The network architecture determines which network hardware will be
used. Networking software is determined by the selected networking
hardware.

There are more subtle design impacts that need to be considered. The
selection of certain networking hardware (and the networking software)
affects the management tools that can be used. There are exceptions to
this; the rise of *open* networking software that supports a range of
networking hardware means there are instances where the relationship
between networking hardware and networking software are not as tightly
defined.

For a compute-focus architecture, we recommend designing the network
architecture using a scalable network model that makes it easy to add
capacity and bandwidth. A good example of such a model is the leaf-spline
model. In this type of network design, it is possible to easily add additional
bandwidth as well as scale out to additional racks of gear.

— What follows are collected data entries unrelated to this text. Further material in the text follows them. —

(* Let $X_n=(\mathbb{C}^n,\|\cdot\|)$ be a symmetric Banach lattice and $J\subset\Lambda_T(m,n)$ an index set, where $m\le n$. Then $$\widehat{\boldsymbol{\lambda}}\big(\mathcal{P}_J(X_n)\big)\le e^m\Big(\frac{\varphi_{X_n'}(n)}{\varphi_{X_n'}(m)}\Big)^m.$$
   Context: A Banach lattice $X_n=(\mathbb{C}^n,\|\cdot\|)$ is a norm with $\|z\|\le\|w\|$ whenever $|z_k|\le|w_k|$ for all $k$; it is symmetric if $\|(z_{\sigma(k)})\|=\|z\|$ for every permutation $\sigma$. $X_n'$ is the Köthe dual ($\|x\|_{X_n'}=\sup\{\sum|x_ky_k|:\|y\|\le1\}$) and $\varphi_{X_n'}(k)=\|\sum_{j=1}^ke_j\|_{X_n'}$. $\Lambda_T(m,n)$ is the set of $\alpha\in\{0,1\}^n$ with $|\alpha|=m$. $c_{X_n}(\alpha)=1/\sup_{z\in B_{X_n}}|z^\alpha|$ ($B_{X_n}$ the open unit ball), and $\widehat{\boldsymbol{\lambda}}(\mathcal{P}_J(X_n))=\sup_{z\in B_{X_n}}\sum_{\alpha\in J}c_{X_n}(\alpha)|z^\alpha|$. *)

theory Defs
  imports "HOL-Analysis.Analysis"
begin

text \<open>The space C^n is represented by functions nat => complex that vanish
  outside the index set {..<n}.\<close>

definition vecs :: "nat \<Rightarrow> (nat \<Rightarrow> complex) set" where
  "vecs n = {z. \<forall>k\<ge>n. z k = 0}"

text \<open>N is a lattice norm on C^n (finite-dimensional, hence Banach).\<close>
definition banach_lattice :: "nat \<Rightarrow> ((nat \<Rightarrow> complex) \<Rightarrow> real) \<Rightarrow> bool" where
  "banach_lattice n N \<longleftrightarrow>
     (\<forall>z\<in>vecs n. N z = 0 \<longleftrightarrow> z = (\<lambda>_. 0)) \<and>
     (\<forall>z\<in>vecs n. \<forall>c. N (\<lambda>k. c * z k) = cmod c * N z) \<and>
     (\<forall>z\<in>vecs n. \<forall>w\<in>vecs n. N (\<lambda>k. z k + w k) \<le> N z + N w) \<and>
     (\<forall>z\<in>vecs n. \<forall>w\<in>vecs n. (\<forall>k<n. cmod (z k) \<le> cmod (w k)) \<longrightarrow> N z \<le> N w)"

definition symmetric_lattice :: "nat \<Rightarrow> ((nat \<Rightarrow> complex) \<Rightarrow> real) \<Rightarrow> bool" where
  "symmetric_lattice n N \<longleftrightarrow> banach_lattice n N \<and>
     (\<forall>\<sigma> z. \<sigma> permutes {..<n} \<longrightarrow> z \<in> vecs n \<longrightarrow> N (z \<circ> \<sigma>) = N z)"

definition kothe_dual :: "nat \<Rightarrow> ((nat \<Rightarrow> complex) \<Rightarrow> real) \<Rightarrow> (nat \<Rightarrow> complex) \<Rightarrow> real" where
  "kothe_dual n N x = (SUP y\<in>{y\<in>vecs n. N y \<le> 1}. \<Sum>k<n. cmod (x k * y k))"

text \<open>Fundamental function of the dual: phi_{X_n'}(k) = || e_1 + ... + e_k ||_{X_n'}.\<close>
definition fund_dual :: "nat \<Rightarrow> ((nat \<Rightarrow> complex) \<Rightarrow> real) \<Rightarrow> nat \<Rightarrow> real" where
  "fund_dual n N k = kothe_dual n N (\<lambda>j. if j < k then 1 else 0)"

definition Lambda_T :: "nat \<Rightarrow> nat \<Rightarrow> (nat \<Rightarrow> nat) set" where
  "Lambda_T m n = {\<alpha>. (\<forall>k. \<alpha> k \<le> 1) \<and> (\<forall>k\<ge>n. \<alpha> k = 0) \<and> (\<Sum>k<n. \<alpha> k) = m}"

definition monom :: "nat \<Rightarrow> (nat \<Rightarrow> nat) \<Rightarrow> (nat \<Rightarrow> complex) \<Rightarrow> complex" where
  "monom n \<alpha> z = (\<Prod>k<n. z k ^ \<alpha> k)"

definition open_ball :: "nat \<Rightarrow> ((nat \<Rightarrow> complex) \<Rightarrow> real) \<Rightarrow> (nat \<Rightarrow> complex) set" where
  "open_ball n N = {z\<in>vecs n. N z < 1}"

definition cX :: "nat \<Rightarrow> ((nat \<Rightarrow> complex) \<Rightarrow> real) \<Rightarrow> (nat \<Rightarrow> nat) \<Rightarrow> real" where
  "cX n N \<alpha> = 1 / (SUP z\<in>open_ball n N. cmod (monom n \<alpha> z))"

definition lambda_hat :: "nat \<Rightarrow> ((nat \<Rightarrow> complex) \<Rightarrow> real) \<Rightarrow> (nat \<Rightarrow> nat) set \<Rightarrow> real" where
  "lambda_hat n N J = (SUP z\<in>open_ball n N. \<Sum>\<alpha>\<in>J. cX n N \<alpha> * cmod (monom n \<alpha> z))"

end

theory Submission
  imports Defs "HOL-Number_Theory.Cong"
begin

(*
  Write P = phi'(n) and Q = phi'(m); both are suprema of partial l1-sums over the closed unit
  ball. For alpha in Lambda_T(m,n) with support S and y in the unit ball, averaging |y| over the
  cyclic rotations of its first m coordinates and then permuting onto S produces, by symmetry and
  the triangle inequality, a vector of norm at most 1 that equals (sum_{k<m} |y_k|)/m on S and 0
  elsewhere. Evaluating z^alpha there gives sup |z^alpha| >= (Q/m)^m, i.e. c(alpha) <= (m/Q)^m.
  On the other hand sum_{alpha in Lambda_T(m,n)} |z^alpha| is the m-th elementary symmetric
  function of the |z_k|, hence at most (sum_k |z_k|)^m / m! <= P^m / m!. Together with
  m^m / m! <= e^m this gives the bound.
*)

section \<open>Elementary symmetric functions\<close>

definition elem_sym :: "'a set \<Rightarrow> ('a \<Rightarrow> real) \<Rightarrow> nat \<Rightarrow> real" where
  "elem_sym A x m = (\<Sum>S | S \<subseteq> A \<and> card S = m. \<Prod>k\<in>S. x k)"

lemma power_Suc_add_ge:
  fixes p a :: real
  assumes "0 \<le> p" "0 \<le> a"
  shows "p ^ Suc k + real (Suc k) * a * p ^ k \<le> (p + a) ^ Suc k"
proof (induction k)
  case (Suc k)
  have "p ^ Suc (Suc k) + real (Suc (Suc k)) * a * p ^ Suc k
      \<le> (p ^ Suc k + real (Suc k) * a * p ^ k) * (p + a)"
    using assms by (simp add: algebra_simps)
  also have "\<dots> \<le> (p + a) ^ Suc k * (p + a)"
    using Suc assms by (intro mult_right_mono) auto
  finally show ?case
    by (simp add: ac_simps)
qed simp

lemma elem_sym_0 [simp]: "finite A \<Longrightarrow> elem_sym A x 0 = 1"
proof -
  assume "finite A"
  then have "{S. S \<subseteq> A \<and> card S = 0} = {{}}"
    using finite_subset by fastforce
  then show ?thesis
    by (simp add: elem_sym_def)
qed

lemma elem_sym_empty_Suc [simp]: "elem_sym {} x (Suc k) = 0"
  by (simp add: elem_sym_def)
(* Let $\mathcal{T}=\mathcal{T}_1\cup\dots\cup\mathcal{T}_d$ be a compact interval partitioned into pairwise disjoint subintervals, $\boldsymbol{\phi}=(\phi_1,\dots,\phi_m)'$ linearly independent functions in $L^2(\mathcal{T})$, $\mathbf{W}=\int_{\mathcal{T}}\boldsymbol{\phi}\boldsymbol{\phi}'$, $\mathbf{W}_{\mathcal{T}_a}=\int_{\mathcal{T}_a}\boldsymbol{\phi}\boldsymbol{\phi}'$. Let $\mathbf{X}(t)=\mathbf{A}'\boldsymbol{\phi}(t)$ be a rank-$M$ ($M=mp$) $p$-variate process with separable covariance $\mathbf{K}(s,t)=\boldsymbol{\Sigma}^{\mathrm{row}}\kappa(s,t)$, random coefficient matrix $\mathbf{A}=(\mathbf{a}_1,\dots,\mathbf{a}_p)\in\mathbb{R}^{m\times p}$, mean $\boldsymbol{\mu}(t)=\mathbf{M}_{\mathbf{A}}'\boldsymbol{\phi}(t)$ with $\mathbf{M}_{\mathbf{A}}=(\mathbf{m}_{\mathbf{A},1},\dots,\mathbf{m}_{\mathbf{A},p})=E\mathbf{A}$, and $\kappa(s,t)=\boldsymbol{\phi}'(s)\boldsymbol{\Sigma}^{\mathrm{col}}\boldsymbol{\phi}(t)$ with $\boldsymbol{\Sigma}^{\mathrm{col}}$ positive definite. Let $(\lambda_j^{\mathrm{row}},\mathbf{v}_j^{\mathrm{row}})$, $j=1,\dots,p$, be the eigenpairs of $\boldsymbol{\Sigma}^{\mathrm{row}}$ and $v^{\mathrm{row}}_{j,k}=\mathbf{e}_k'\mathbf{v}^{\mathrm{row}}_j$. Then $$\Theta_{k,\mathcal{T}_a}(\mathbf{X},\boldsymbol{\mu};\mathbf{K},M)=\sum_{j=1}^p\frac{1}{\lambda_j^{\mathrm{row}}}v^{\mathrm{row}}_{j,k}(\mathbf{a}_k-\mathbf{m}_{\mathbf{A},k})'\mathbf{W}_{\mathcal{T}_a}\mathbf{W}^{-1}(\boldsymbol{\Sigma}^{\mathrm{col}})^{-1}(\mathbf{A}-\mathbf{M}_{\mathbf{A}})'\mathbf{v}^{\mathrm{row}}_j.$$
   Context: $\boldsymbol{\Sigma}^{\mathrm{row}}$ is $p\times p$ symmetric positive definite. The covariance operator $\mathcal{C}\mathbf{x}(s)=\int\mathbf{K}(s,t)\mathbf{x}(t)dt$ on $L^2(\mathcal{T})^p$ (inner product $\langle\mathbf{x},\mathbf{y}\rangle=\sum_j\int_{\mathcal{T}}x_jy_j$) has orthonormal eigenfunctions $\boldsymbol{\psi}_i$ and nonincreasing eigenvalues $\pi_i$; $\mathrm{fMMD}^2(\mathbf{Y},\boldsymbol{\mu};\mathbf{K},M)=\sum_{i=1}^M\pi_i^{-1}\langle\mathbf{Y}-\boldsymbol{\mu},\boldsymbol{\psi}_i\rangle^2$. For $Q\subseteq\{1,\dots,p\}\times\{1,\dots,d\}$, $\hat X^Q_j(t)=X_j(t)$ if $t\in\mathcal{T}_b$ with $(j,b)\in Q$ and $\hat X^Q_j(t)=\mu_j(t)$ otherwise; $\Theta_{k,\mathcal{T}_a}(\mathbf{X},\boldsymbol{\mu};\mathbf{K},M)=\sum_{Q\not\ni(k,a)}\frac{|Q|!(pd-|Q|-1)!}{(pd)!}[v(Q\cup\{(k,a)\})-v(Q)]$ with $v(Q)=\mathrm{fMMD}^2(\hat{\mathbf{X}}^Q,\boldsymbol{\mu};\mathbf{K},M)$, the Shapley value of cell $(k,a)$. *)

theory Defs
  imports "HOL-Analysis.Analysis"
begin

definition L2_on :: "real set \<Rightarrow> (real \<Rightarrow> real) \<Rightarrow> bool" where
  "L2_on S f \<longleftrightarrow> set_borel_measurable lborel S f \<and> set_integrable lborel S (\<lambda>t. (f t)\<^sup>2)"

definition L2p_on :: "real set \<Rightarrow> (real \<Rightarrow> real ^ 'p) \<Rightarrow> bool" where
  "L2p_on S x \<longleftrightarrow> (\<forall>j. L2_on S (\<lambda>t. x t $ j))"

definition ip :: "real set \<Rightarrow> (real \<Rightarrow> real ^ 'p) \<Rightarrow> (real \<Rightarrow> real ^ 'p) \<Rightarrow> real" where
  "ip S x y = (\<Sum>j\<in>UNIV. LINT t:S|lborel. x t $ j * y t $ j)"

definition gram :: "real set \<Rightarrow> (real \<Rightarrow> real ^ 'm) \<Rightarrow> real ^ 'm ^ 'm" where
  "gram S \<phi> = (\<chi> i j. LINT t:S|lborel. \<phi> t $ i * \<phi> t $ j)"

definition pos_def :: "real ^ 'n ^ 'n \<Rightarrow> bool" where
  "pos_def S \<longleftrightarrow> transpose S = S \<and> (\<forall>x. x \<noteq> 0 \<longrightarrow> x \<bullet> (S *v x) > 0)"

definition cov_op :: "real set \<Rightarrow> (real \<Rightarrow> real \<Rightarrow> real ^ 'p ^ 'p) \<Rightarrow> (real \<Rightarrow> real ^ 'p) \<Rightarrow> real \<Rightarrow> real ^ 'p" where
  "cov_op S K x = (\<lambda>s. \<chi> i. \<Sum>j\<in>UNIV. LINT t:S|lborel. K s t $ i $ j * x t $ j)"

text \<open>fMMD^2(Y, mu; K, M) = sum_{i<M} pi_i^{-1} <Y - mu, psi_i>^2, where (psi_i, pi_i)
  (0-based index) is the orthonormal eigensystem of the covariance operator of K
  (hypotheses on psi, pi are stated in the theorem).\<close>
definition fMMD2 :: "real set \<Rightarrow> (nat \<Rightarrow> real \<Rightarrow> real ^ 'p) \<Rightarrow> (nat \<Rightarrow> real) \<Rightarrow> nat
    \<Rightarrow> (real \<Rightarrow> real ^ 'p) \<Rightarrow> (real \<Rightarrow> real ^ 'p) \<Rightarrow> real" where
  "fMMD2 S \<psi> \<pi> M Y \<mu> = (\<Sum>i<M. (ip S (\<lambda>t. Y t - \<mu> t) (\<psi> i))\<^sup>2 / \<pi> i)"

definition masked :: "('d \<Rightarrow> real set) \<Rightarrow> (real \<Rightarrow> real ^ 'p) \<Rightarrow> (real \<Rightarrow> real ^ 'p)
    \<Rightarrow> ('p \<times> 'd) set \<Rightarrow> real \<Rightarrow> real ^ 'p" where
  "masked Tp X \<mu> Q = (\<lambda>t. \<chi> j. if \<exists>b. (j, b) \<in> Q \<and> t \<in> Tp b then X t $ j else \<mu> t $ j)"

definition shapley :: "('c::finite set \<Rightarrow> real) \<Rightarrow> 'c \<Rightarrow> real" where
  "shapley v c = (\<Sum>Q\<in>Pow (UNIV - {c}).
      (fact (card Q) * fact (CARD('c) - card Q - 1) / fact (CARD('c))) * (v (insert c Q) - v Q))"

end

theory Submission
  imports Defs
begin

(* The coefficient <X^Q - mu, psi_i> of a masked process is the sum, over the
   cells (j, b) in Q, of the contributions cell_ip of component j on T_b. Hence every term of
   fMMD^2 is the square of an additive game, whose Shapley value at a cell is its contribution
   times the total. Writing X - mu = D' phi with D = A - M_A and U_i = int phi psi_i', the
   eigen-equation of the separable covariance operator becomes pi_i U_i = W Scol U_i Srow.
   So U_i = 0 when pi_i = 0, and <X - mu, psi_i> / pi_i = <E' phi, psi_i> with
   E = W^-1 Scol^-1 D Srow^-1. The matrices Scol U_i Srow / pi_i are biorthogonal to the U_j,
   so at most M = mp eigenvalues are nonzero, and Parseval's identity collapses the sum over
   i < M to the inner product of E' phi with the (k, a)-cell of X - mu, namely
   D_k' W_{T_a} E_k. Expanding Srow^-1 in its eigenbasis gives the formula. *)

section \<open>Square-integrable functions\<close>

lemma L2_on_measurable: "L2_on S f \<Longrightarrow> (\<lambda>t. indicator S t * f t) \<in> borel_measurable lborel"
  unfolding L2_on_def set_borel_measurable_def by simp
lemma eventually_prob_bad_cut_approx_ge_half:
  assumes c: "c < root_edge_conductance" and rho: "\<And>k. 1 \<le> rho k" and G: "\<And>k. m + 2 \<le> G k"
    and lim: "(\<lambda>k. real (rho k) / ln (real (num_vertices (G k)))) \<longlonglongrightarrow> 0"
  shows "\<forall>\<^sub>F k in sequentially. 1 / 2 \<le>
           measure_pmf.prob (tree_samples (num_vertices (G k)) (edge_list (G k)) (rho k))
             {Ts. bad_cut_approx c (num_vertices (G k)) (edge_list (G k)) (rho k) Ts}"
proof -
  have "\<forall>\<^sub>F k in sequentially. real (rho k) * - ln star_fraction \<le> ln (real (G k))"
  proof (rule eventually_mult_le_ln_of_ratio_tendsto_0[OF lim])
    show "2 \<le> num_vertices (G k)" for k using G[of k] by (simp add: num_vertices_def)
    show "num_vertices (G k) \<le> (G k)\<^sup>2" for k using G by (rule num_vertices_le_square)
    show "0 \<le> - ln star_fraction" using star_fraction_pos star_fraction_le_1 by simp
  qed
  thus ?thesis
  proof (rule eventually_mono)
    fix k assume k: "real (rho k) * - ln star_fraction \<le> ln (real (G k))"
    have "1 \<le> G k" using G[of k] by simp
    thus "1 / 2 \<le> measure_pmf.prob (tree_samples (num_vertices (G k)) (edge_list (G k)) (rho k))
             {Ts. bad_cut_approx c (num_vertices (G k)) (edge_list (G k)) (rho k) Ts}"
      using prob_bad_cut_approx_ge[OF rho[of k] c, of "G k"]
        one_minus_power_power_le_half[OF star_fraction_pos star_fraction_le_1 _ k]
      by linarith
  qed
qed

It is important to
select network hardware that supports the required port count, port speed, and
port density while also allowing for future growth as workload demands
increase. It is also important to evaluate where in the network architecture
it is valuable to provide redundancy.

Some of the key considerations that should be included in the selection
of networking hardware include:

Port count
 The design will require networking hardware that has the requisite
 port count.

Port density
 The network design will be affected by the physical space that is
 required to provide the requisite port count. A higher port density
 is preferred, as it leaves more rack space for compute or storage
 components that may be required by the design. This can also lead
 into considerations about fault domains and power density. Higher
 density switches are more expensive, therefore it is important not
 to over design the network.

Port speed
 The networking hardware must support the proposed network speed, for
 example: 1 GbE, 10 GbE, or 40 GbE (or even 100 GbE).

Redundancy
 User requirements for high availability and cost considerations
 influence the required level of network hardware redundancy.
 Network redundancy can be achieved by adding redundant power
 supplies or paired switches.

 .. note::

    If this is a requirement, the hardware must support this
    configuration. User requirements determine if a completely
    redundant network infrastructure is required.

Power requirements
 Ensure that the physical data center provides the necessary power
 for the selected network hardware.

 .. note::

    This is not an issue for top of rack (ToR) switches. This may be an issue
    for spine switches in a leaf and spine fabric, or end of row (EoR)
    switches.

Protocol support
 It is possible to gain more performance out of a single storage
 system by using specialized network technologies such as RDMA, SRP,
 iSER and SCST. The specifics for using these technologies is beyond
 the scope of this book.

There is no single best practice architecture for the networking
hardware supporting an OpenStack cloud that will apply to all implementations.
Some of the key factors that will have a major influence on selection of
networking hardware include:

Connectivity
 All nodes within an OpenStack cloud require network connectivity. In
 some cases, nodes require access to more than one network segment.
 The design must encompass sufficient network capacity and bandwidth
 to ensure that all communications within the cloud, both north-south
 and east-west traffic have sufficient resources available.

Scalability
 The network design should encompass a physical and logical network
 design that can be easily expanded upon. Network hardware should
 offer the appropriate types of interfaces and speeds that are
 required by the hardware nodes.

Availability
 To ensure access to nodes within the cloud is not interrupted,
 we recommend that the network architecture identify any single
 points of failure and provide some level of redundancy or fault
 tolerance. The network infrastructure often involves use of
 networking protocols such as LACP, VRRP or others to achieve a highly
 available network connection. It is also important to consider the
 networking implications on API availability. We recommend a load balancing
 solution is designed within the network architecture to ensure that the APIs,
 and potentially other services in the cloud are highly available.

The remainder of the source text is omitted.